Give the Qur’an to Jews!

"In Hamas’s eyes, Paris and Rome are the next targets, in their view there is no place for either Jews or Christians in the Islamic caliphate that will be established, and you will be condemned to either convert to Islam or be slaughtered."

Give the Qur’an to Jews!

Part 1

On 8 November 2023, just over a month into Operation Swords of Iron, and the IDF taking significant numbers of Hamas prisoners, news broke of a directive, presumably from IDF top brass, that Hamas prisoners each be given a Qur’an and dispensation to pray five times a day. Such a directive, understandably, not only angered, but offended the lower ranks of the IDF, as indeed, it should every Israeli. One official is quoted as having said:

They came to butcher our children and our people in the name of this book, and now we have been asked to provide them with this book in their prison cells? I have trouble understanding the logic. …It is unbelievable that even after the heinous massacre that was carried out in the name of the Koran, someone in the IDF still thinks that we should take care of the welfare of these horrible terrorists and provide them with Koran books that will only strengthen their murderous ideology.

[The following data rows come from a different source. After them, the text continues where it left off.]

lemma brace_hom_C_image:
  assumes A: "left_brace A addA mulA"
    and f: "brace_hom Cset Cadd Cmul addA mulA f" "f ` Cset \<subseteq> A"
  shows "f ` Cset = subbrace_gen A addA mulA (f (cbasis 0))"
proof
  show "subbrace_gen A addA mulA (f (cbasis 0)) \<subseteq> f ` Cset"
    by (rule subbrace_gen_least[OF subbrace_image[OF left_brace_C A f]])
       (simp add: cbasis_closed)
  show "f ` Cset \<subseteq> subbrace_gen A addA mulA (f (cbasis 0))"
  proof (unfold subbrace_gen_def, rule Inter_greatest)
    fix S assume "S \<in> {S. subbrace A addA mulA S \<and> f (cbasis 0) \<in> S}"
    then have "Cset \<subseteq> {x \<in> Cset. f x \<in> S}"
      using subbrace_vimage[OF left_brace_C A f] cbasis_closed
      by (intro Cset_subset_subbrace) auto
    then show "f ` Cset \<subseteq> S" by blast
  qed
qed

lemma brace_hom_C_unique:
  assumes A: "left_brace A addA mulA"
    and f: "brace_hom Cset Cadd Cmul addA mulA f" "f ` Cset \<subseteq> A"
    and g: "brace_hom Cset Cadd Cmul addA mulA g" "g ` Cset \<subseteq> A"
    and "f (cbasis 0) = g (cbasis 0)"
  shows "x \<in> Cset \<Longrightarrow> f x = g x"
  using Cset_subset_subbrace[OF subbrace_equalizer[OF left_brace_C A f g]] assms cbasis_closed
  by blast


section \<open>Left braces with A^(3) = 0\<close>

locale brace =
  fixes A :: "'a set" and add mul :: "'a \<Rightarrow> 'a \<Rightarrow> 'a"
  assumes is_left_brace: "left_brace A add mul"
begin

sublocale G: comm_group "addgrp A add"
  using is_left_brace by (simp add: left_brace_def)

sublocale M: group "mulgrp A mul"
  using is_left_brace by (simp add: left_brace_def)

abbreviation zero :: 'a where "zero \<equiv> bzero A add"
abbreviation neg :: "'a \<Rightarrow> 'a" where "neg \<equiv> bneg A add"
abbreviation minv :: "'a \<Rightarrow> 'a" where "minv x \<equiv> inv\<^bsub>mulgrp A mul\<^esub> x"

lemma zero_eq: "zero = \<one>\<^bsub>addgrp A add\<^esub>" by (simp add: bzero_def)
lemma neg_eq: "neg x = inv\<^bsub>addgrp A add\<^esub> x" by (simp add: bneg_def)

lemma add_closed [simp]: "x \<in> A \<Longrightarrow> y \<in> A \<Longrightarrow> add x y \<in> A"
  using G.m_closed[of x y] by simp
lemma zero_closed [simp]: "zero \<in> A"
  using G.one_closed by (simp add: zero_eq)
lemma neg_closed [simp]: "x \<in> A \<Longrightarrow> neg x \<in> A"
  using G.inv_closed[of x] by (simp add: neg_eq)
lemma add_assoc: "x \<in> A \<Longrightarrow> y \<in> A \<Longrightarrow> w \<in> A \<Longrightarrow> add (add x y) w = add x (add y w)"
  using G.m_assoc[of x y w] by simp
lemma add_commute: "x \<in> A \<Longrightarrow> y \<in> A \<Longrightarrow> add x y = add y x"
  using G.m_comm[of x y] by simp
lemma add_left_commute: "x \<in> A \<Longrightarrow> y \<in> A \<Longrightarrow> w \<in> A \<Longrightarrow> add x (add y w) = add y (add x w)"
  using G.m_lcomm[of x y w] by simp
lemmas add_ac = add_assoc add_commute add_left_commute
lemma add_zero [simp]: "x \<in> A \<Longrightarrow> add zero x = x" "x \<in> A \<Longrightarrow> add x zero = x"
  using G.l_one[of x] G.r_one[of x] by (simp_all add: zero_eq)
lemma add_neg [simp]: "x \<in> A \<Longrightarrow> add x (neg x) = zero" "x \<in> A \<Longrightarrow> add (neg x) x = zero"
  using G.l_inv[of x] G.r_inv[of x] by (simp_all add: zero_eq neg_eq)
lemma add_neg_cancel [simp]: "x \<in> A \<Longrightarrow> y \<in> A \<Longrightarrow> add x (add (neg x) y) = y"
  "x \<in> A \<Longrightarrow> y \<in> A \<Longrightarrow> add (neg x) (add x y) = y"
  by (simp_all flip: add_assoc)
lemma neg_neg [simp]: "x \<in> A \<Longrightarrow> neg (neg x) = x"
  using G.inv_inv[of x] by (simp add: neg_eq)
lemma neg_zero [simp]: "neg zero = zero"
  using G.inv_one by (simp add: zero_eq neg_eq)
lemma neg_add: "x \<in> A \<Longrightarrow> y \<in> A \<Longrightarrow> neg (add x y) = add (neg x) (neg y)"
  using G.inv_mult[of x y] by (simp add: neg_eq)
lemma add_left_cancel: "x \<in> A \<Longrightarrow> y \<in> A \<Longrightarrow> w \<in> A \<Longrightarrow> add x y = add x w \<longleftrightarrow> y = w"
  by (metis add_neg_cancel(2))
lemma neg_unique: "x \<in> A \<Longrightarrow> y \<in> A \<Longrightarrow> add x y = zero \<Longrightarrow> neg x = y"
  by (metis add_neg(1) add_left_cancel neg_closed)

lemma mul_closed [simp]: "x \<in> A \<Longrightarrow> y \<in> A \<Longrightarrow> mul x y \<in> A"
  using M.m_closed[of x y] by simp
lemma mul_assoc: "x \<in> A \<Longrightarrow> y \<in> A \<Longrightarrow> w \<in> A \<Longrightarrow> mul (mul x y) w = mul x (mul y w)"
  using M.m_assoc[of x y w] by simp

lemma mul_add: "a \<in> A \<Longrightarrow> b \<in> A \<Longrightarrow> c \<in> A \<Longrightarrow> mul a (add b c) = add (add (mul a b) (neg a)) (mul a c)"
  using is_left_brace by (simp add: left_brace_def)

lemma one_mulgrp: "\<one>\<^bsub>mulgrp A mul\<^esub> = zero"
proof -
  let ?e = "\<one>\<^bsub>mulgrp A mul\<^esub>"
  have e: "?e \<in> A" and e_mul: "\<And>y. y \<in> A \<Longrightarrow> mul ?e y = y"
    using M.one_closed M.l_one by simp_all
  have "mul ?e (add zero zero) = add (add (mul ?e zero) (neg ?e)) (mul ?e zero)"
    by (rule mul_add) (simp_all add: e)
  then have "neg ?e = zero" by (simp add: e_mul e add_ac)
  then show ?thesis by (metis neg_neg neg_zero e)
qed

lemma minv_closed [simp]: "x \<in> A \<Longrightarrow> minv x \<in> A"
  using M.inv_closed[of x] by simp
lemma mul_zero [simp]: "x \<in> A \<Longrightarrow> mul zero x = x" "x \<in> A \<Longrightarrow> mul x zero = x"
  using M.l_one[of x] M.r_one[of x] by (simp_all add: one_mulgrp)
lemma mul_minv [simp]: "x \<in> A \<Longrightarrow> mul x (minv x) = zero" "x \<in> A \<Longrightarrow> mul (minv x) x = zero"
  using M.l_inv[of x] M.r_inv[of x] by (simp_all add: one_mulgrp)

definition lam :: "'a \<Rightarrow> 'a \<Rightarrow> 'a" where
  "lam a y = add (neg a) (mul a y)"

lemma lam_closed [simp]: "a \<in> A \<Longrightarrow> y \<in> A \<Longrightarrow> lam a y \<in> A"
  by (simp add: lam_def)

lemma mul_eq_add_lam: "a \<in> A \<Longrightarrow> y \<in> A \<Longrightarrow> mul a y = add a (lam a y)"
  by (simp add: lam_def)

Another officer, equally disgusted, saw that the issuing of Qur’ans to Hamas prisoners will, “encourage them even more after the terrible massacre that happened here.”

Seeing a direct link between the Qur’an and the Simchat Torah Massacre is a welcome step forward, but it is a small one. The journalist reporting the story, Shimon Cohen, is careful to put a damper on it. He cautions his readers:

It should be noted that commentators and orientalists pointed out the close connection between the attack on the October 7 and the interpretation given by Hamas to verses from the Koran, according to which in the end of days there will be a great war between the Muslims and the Jews, and in this war every tree and every stone will cry out, "O Muslim, behind me a Jew is hiding. Come and kill him." (My emphasis)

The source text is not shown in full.